Mr. Chairman, Distinguished Participants, Ladies and Gentlemen,

I would like to begin my short presentation by expressing my appreciation to the Federal Government of Germany and to the Development Policy Forum of Capacity Building International for organizing this important meeting and for inviting me to participate. I would like, in particular, to express our appreciation to Dr. Uschi Eid, the Parliamentary Secretary of the Federal Ministry for Economic Cooperation and Development and the German Chancellor's G8 Representative for Africa, for her untiring support of Africa's development efforts and the African Development Bank. Germany's strong support to NEPAD is well known, and it is therefore fitting that this meeting is taking place in Berlin to discuss how best we can move forward the various initiatives contained in the broader NEPAD framework.
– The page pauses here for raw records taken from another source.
definition ftp_rel :: "('a, 'm) monoid_scheme \<Rightarrow> ('b, 'n) monoid_scheme \<Rightarrow> 'a \<Rightarrow> 'b
    \<Rightarrow> (('a \<times> 'b) \<times> ('a \<times> 'b)) set" where
  "ftp_rel G H cG cH = {((g, h), (g', h')). g \<in> carrier G \<and> h \<in> carrier H
      \<and> g' \<in> carrier G \<and> h' \<in> carrier H
      \<and> ((g', h') = (g, h) \<or> (g', h') = (cG \<otimes>\<^bsub>G\<^esub> g, cH \<otimes>\<^bsub>H\<^esub> h))}"

definition ftp_elem :: "('a, 'm) monoid_scheme \<Rightarrow> ('b, 'n) monoid_scheme \<Rightarrow> 'a \<Rightarrow> 'b
    \<Rightarrow> 'a \<Rightarrow> 'b \<Rightarrow> ('a \<times> 'b) set" where
  "ftp_elem G H cG cH g h = ftp_rel G H cG cH `` {(g, h)}"

definition ftp :: "('a, 'm) monoid_scheme \<Rightarrow> ('b, 'n) monoid_scheme \<Rightarrow> 'a \<Rightarrow> 'b
    \<Rightarrow> ('a \<Rightarrow> bool) \<Rightarrow> ('b \<Rightarrow> bool) \<Rightarrow> ('a \<times> 'b) set monoid" where
  "ftp G H cG cH \<theta>G \<theta>H =
     \<lparr> carrier = (carrier G \<times> carrier H) // ftp_rel G H cG cH,
       mult = (\<lambda>x y. let (g1, h1) = (SOME p. p \<in> x); (g2, h2) = (SOME p. p \<in> y) in
                 ftp_elem G H cG cH
                   (if \<theta>G g2 \<and> \<theta>H h1 then cG \<otimes>\<^bsub>G\<^esub> (g1 \<otimes>\<^bsub>G\<^esub> g2) else g1 \<otimes>\<^bsub>G\<^esub> g2)
                   (h1 \<otimes>\<^bsub>H\<^esub> h2)),
       one = ftp_elem G H cG cH \<one>\<^bsub>G\<^esub> \<one>\<^bsub>H\<^esub> \<rparr>"

definition ftp_top :: "('a, 'm) monoid_scheme \<Rightarrow> ('b, 'n) monoid_scheme \<Rightarrow> 'a \<Rightarrow> 'b
    \<Rightarrow> 'a topology \<Rightarrow> 'b topology \<Rightarrow> ('a \<times> 'b) set topology" where
  "ftp_top G H cG cH TG TH =
     quotient_topology (prod_topology TG TH) (\<lambda>(g, h). ftp_elem G H cG cH g h)
       ((carrier G \<times> carrier H) // ftp_rel G H cG cH)"

definition ftp_grading :: "('a \<Rightarrow> bool) \<Rightarrow> ('b \<Rightarrow> bool) \<Rightarrow> ('a \<times> 'b) set \<Rightarrow> bool" where
  "ftp_grading \<theta>G \<theta>H x = (let (g, h) = (SOME p. p \<in> x) in \<theta>G g \<noteq> \<theta>H h)"

definition bos :: "('b, 'n) monoid_scheme \<Rightarrow> 'b \<Rightarrow> 'b set monoid" where
  "bos H cH = H Mod {\<one>\<^bsub>H\<^esub>, cH}"

definition bos_top :: "('b, 'n) monoid_scheme \<Rightarrow> 'b \<Rightarrow> 'b topology \<Rightarrow> 'b set topology" where
  "bos_top H cH TH = quotient_topology TH (\<lambda>h. {\<one>\<^bsub>H\<^esub>, cH} #>\<^bsub>H\<^esub> h) (carrier (bos H cH))"

definition ftp_incl :: "('a, 'm) monoid_scheme \<Rightarrow> ('b, 'n) monoid_scheme \<Rightarrow> 'a \<Rightarrow> 'b
    \<Rightarrow> 'a \<Rightarrow> ('a \<times> 'b) set" where
  "ftp_incl G H cG cH g = ftp_elem G H cG cH g \<one>\<^bsub>H\<^esub>"

definition ftp_proj :: "('b, 'n) monoid_scheme \<Rightarrow> 'b \<Rightarrow> ('a \<times> 'b) set \<Rightarrow> 'b set" where
  "ftp_proj H cH x = {\<one>\<^bsub>H\<^esub>, cH} #>\<^bsub>H\<^esub> snd (SOME p. p \<in> x)"

definition short_exact_top ::
  "('a, 'm) monoid_scheme \<Rightarrow> 'a topology \<Rightarrow> ('b, 'n) monoid_scheme \<Rightarrow> 'b topology
   \<Rightarrow> ('c, 'k) monoid_scheme \<Rightarrow> 'c topology \<Rightarrow> ('a \<Rightarrow> 'b) \<Rightarrow> ('b \<Rightarrow> 'c) \<Rightarrow> bool" where
  "short_exact_top A TA B TB C TC i p \<longleftrightarrow>
     topgroup A TA \<and> topgroup B TB \<and> topgroup C TC
     \<and> i \<in> hom A B \<and> p \<in> hom B C
     \<and> continuous_map TA TB i \<and> continuous_map TB TC p
     \<and> inj_on i (carrier A)
     \<and> i ` carrier A = kernel B C p
     \<and> p ` carrier B = carrier C"

end

theory Submission
  imports Defs
begin

(* The classes g \<otimes> h are the orbits of the involution (g, h) \<mapsto> ((-1)^F g, (-1)^F h) of G \<times> H, which is
   compatible with the twisted multiplication, so G \<otimes> H is a group. A quotient map whose fibres
   are the orbits of a family of homeomorphisms is open, and a product of open quotient maps is
   again a quotient map; hence the continuous multiplication and inversion of G \<times> H descend to
   G \<otimes> H, and in the same way to H_b = H / {1, (-1)^F}. Exactness is a computation on
   representatives: g \<otimes> h lies in the kernel of \<pi> iff h \<in> {1, (-1)^F}, g \<otimes> (-1)^F = (-1)^F g \<otimes> 1,
   and i is injective because (-1)^F_H \<noteq> 1. On even parts the kernel is the preimage of
   (G \<otimes> H)_ev under i, which is G_ev, and \<pi> stays surjective because an odd element of G can be
   paired with every odd h. *)

section \<open>Quotient topologies\<close>

lemma istopology_quotient_topology:
  "istopology (\<lambda>S. S \<subseteq> Y \<and> openin Z {x \<in> topspace Z. f x \<in> S})"
  unfolding istopology_def
proof (intro conjI allI impI)
  fix S T
  assume S: "S \<subseteq> Y \<and> openin Z {x \<in> topspace Z. f x \<in> S}"
    and T: "T \<subseteq> Y \<and> openin Z {x \<in> topspace Z. f x \<in> T}"
  have "{x \<in> topspace Z. f x \<in> S \<inter> T} = {x \<in> topspace Z. f x \<in> S} \<inter> {x \<in> topspace Z. f x \<in> T}"
    by blast
  with S T show "S \<inter> T \<subseteq> Y" "openin Z {x \<in> topspace Z. f x \<in> S \<inter> T}"
    by auto
next
  fix K
  assume K: "\<forall>S\<in>K. S \<subseteq> Y \<and> openin Z {x \<in> topspace Z. f x \<in> S}"
  have "{x \<in> topspace Z. f x \<in> \<Union>K} = (\<Union>S\<in>K. {x \<in> topspace Z. f x \<in> S})"
    by blast
  with K show "\<Union>K \<subseteq> Y" "openin Z {x \<in> topspace Z. f x \<in> \<Union>K}"
    by auto
qed

lemma openin_quotient_topology:
  "openin (quotient_topology Z f Y) S \<longleftrightarrow> S \<subseteq> Y \<and> openin Z {x \<in> topspace Z. f x \<in> S}"
  unfolding quotient_topology_def topology_inverse'[OF istopology_quotient_topology] by simp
In line with the request of the organizers, I will, in my presentation today, seek to raise for discussion a number of issues related to capital flows to Africa, in the context of the NEPAD Initiative. I will begin by discussing the critical importance of such flows to Africa's development agenda and, in particular, to the efforts that are being made to achieve the millennium development goals (MDGs). After presenting some of the principal characteristics of recent trends and the major factors that have determined capital flows to Africa, I will take up the policy measures that are required to enhance such flows to Africa. I will conclude by highlighting some of the actions that we have taken at the African Development Bank to mobilize resources for our regional member countries and to encourage foreign investment in Africa

Capital Flows and Africa's Efforts to Achieve the Millennium Development Goals

Mr. Chairman,

It is now generally agreed that African countries would need to raise their average rates of economic growth to between 6 and 8 percent - and as importantly sustain them at this level - if substantial progress is to be made towards meeting the MDGs. And while a few countries - such as Mozambique, Senegal and Uganda -- are beginning to register such growth rates, the trend growth for the continent as a whole in the last five years is, however, only around 3.5 percent. It is evident that African countries would need to substantially enhance their efforts to mobilize domestic resources and raise their investment rates, which today average only around 20 percent of GDP. However, it is also clear that for many of the poor countries of Africa much of the required resources will need to come from external sources, given the widespread poverty and the low level of savings that is prevalent in these countries.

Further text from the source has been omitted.